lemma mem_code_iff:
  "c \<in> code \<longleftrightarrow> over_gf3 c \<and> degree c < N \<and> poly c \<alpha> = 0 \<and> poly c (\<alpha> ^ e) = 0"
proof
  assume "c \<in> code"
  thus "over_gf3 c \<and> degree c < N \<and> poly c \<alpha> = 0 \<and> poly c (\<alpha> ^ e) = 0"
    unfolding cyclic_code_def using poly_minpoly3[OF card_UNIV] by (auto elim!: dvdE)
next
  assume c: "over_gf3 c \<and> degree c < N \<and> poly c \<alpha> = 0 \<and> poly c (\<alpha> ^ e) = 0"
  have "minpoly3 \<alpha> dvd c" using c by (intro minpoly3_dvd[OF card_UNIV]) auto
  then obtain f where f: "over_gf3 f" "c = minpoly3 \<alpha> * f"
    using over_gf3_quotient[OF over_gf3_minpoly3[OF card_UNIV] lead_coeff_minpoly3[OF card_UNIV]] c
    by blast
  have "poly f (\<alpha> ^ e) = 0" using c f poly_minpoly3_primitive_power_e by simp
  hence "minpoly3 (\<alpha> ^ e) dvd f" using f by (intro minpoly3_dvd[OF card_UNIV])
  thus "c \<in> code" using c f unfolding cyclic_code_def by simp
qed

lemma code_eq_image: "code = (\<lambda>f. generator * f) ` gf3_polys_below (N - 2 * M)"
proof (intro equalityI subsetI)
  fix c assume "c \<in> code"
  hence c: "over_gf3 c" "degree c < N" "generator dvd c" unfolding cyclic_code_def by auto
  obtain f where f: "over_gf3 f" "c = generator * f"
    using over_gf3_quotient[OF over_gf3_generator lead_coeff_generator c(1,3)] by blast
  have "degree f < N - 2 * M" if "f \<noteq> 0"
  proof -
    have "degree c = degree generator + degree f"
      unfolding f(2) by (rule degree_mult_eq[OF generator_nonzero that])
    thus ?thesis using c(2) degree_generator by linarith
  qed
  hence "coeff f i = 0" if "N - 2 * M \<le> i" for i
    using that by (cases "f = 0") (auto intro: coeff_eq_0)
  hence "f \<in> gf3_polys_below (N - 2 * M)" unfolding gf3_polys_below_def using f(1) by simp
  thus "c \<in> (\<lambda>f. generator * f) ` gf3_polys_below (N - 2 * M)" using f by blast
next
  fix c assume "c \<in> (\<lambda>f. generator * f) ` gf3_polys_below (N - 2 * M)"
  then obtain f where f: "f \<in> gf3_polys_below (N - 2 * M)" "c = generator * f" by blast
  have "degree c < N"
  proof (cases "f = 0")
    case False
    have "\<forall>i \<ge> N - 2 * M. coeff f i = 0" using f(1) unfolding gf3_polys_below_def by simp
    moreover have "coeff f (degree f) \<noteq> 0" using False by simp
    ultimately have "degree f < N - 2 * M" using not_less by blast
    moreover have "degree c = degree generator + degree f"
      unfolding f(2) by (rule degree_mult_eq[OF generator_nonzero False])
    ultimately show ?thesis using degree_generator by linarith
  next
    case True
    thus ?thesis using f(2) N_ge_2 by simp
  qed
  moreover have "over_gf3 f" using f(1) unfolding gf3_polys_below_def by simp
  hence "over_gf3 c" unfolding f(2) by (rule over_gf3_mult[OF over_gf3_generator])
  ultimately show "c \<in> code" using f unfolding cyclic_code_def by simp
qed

— TASK GOAL —
I'd like the lines above from the one with "using f by blast" up to and including the one with "not_less by blast" copied exactly, with no other lines.

— ANSWER FOR THIS EXERCISE —
  thus "c \<in> (\<lambda>f. generator * f) ` gf3_polys_below (N - 2 * M)" using f by blast
next
  fix c assume "c \<in> (\<lambda>f. generator * f) ` gf3_polys_below (N - 2 * M)"
  then obtain f where f: "f \<in> gf3_polys_below (N - 2 * M)" "c = generator * f" by blast
  have "degree c < N"
  proof (cases "f = 0")
    case False
    have "\<forall>i \<ge> N - 2 * M. coeff f i = 0" using f(1) unfolding gf3_polys_below_def by simp
    moreover have "coeff f (degree f) \<noteq> 0" using False by simp
    ultimately have "degree f < N - 2 * M" using not_less by blast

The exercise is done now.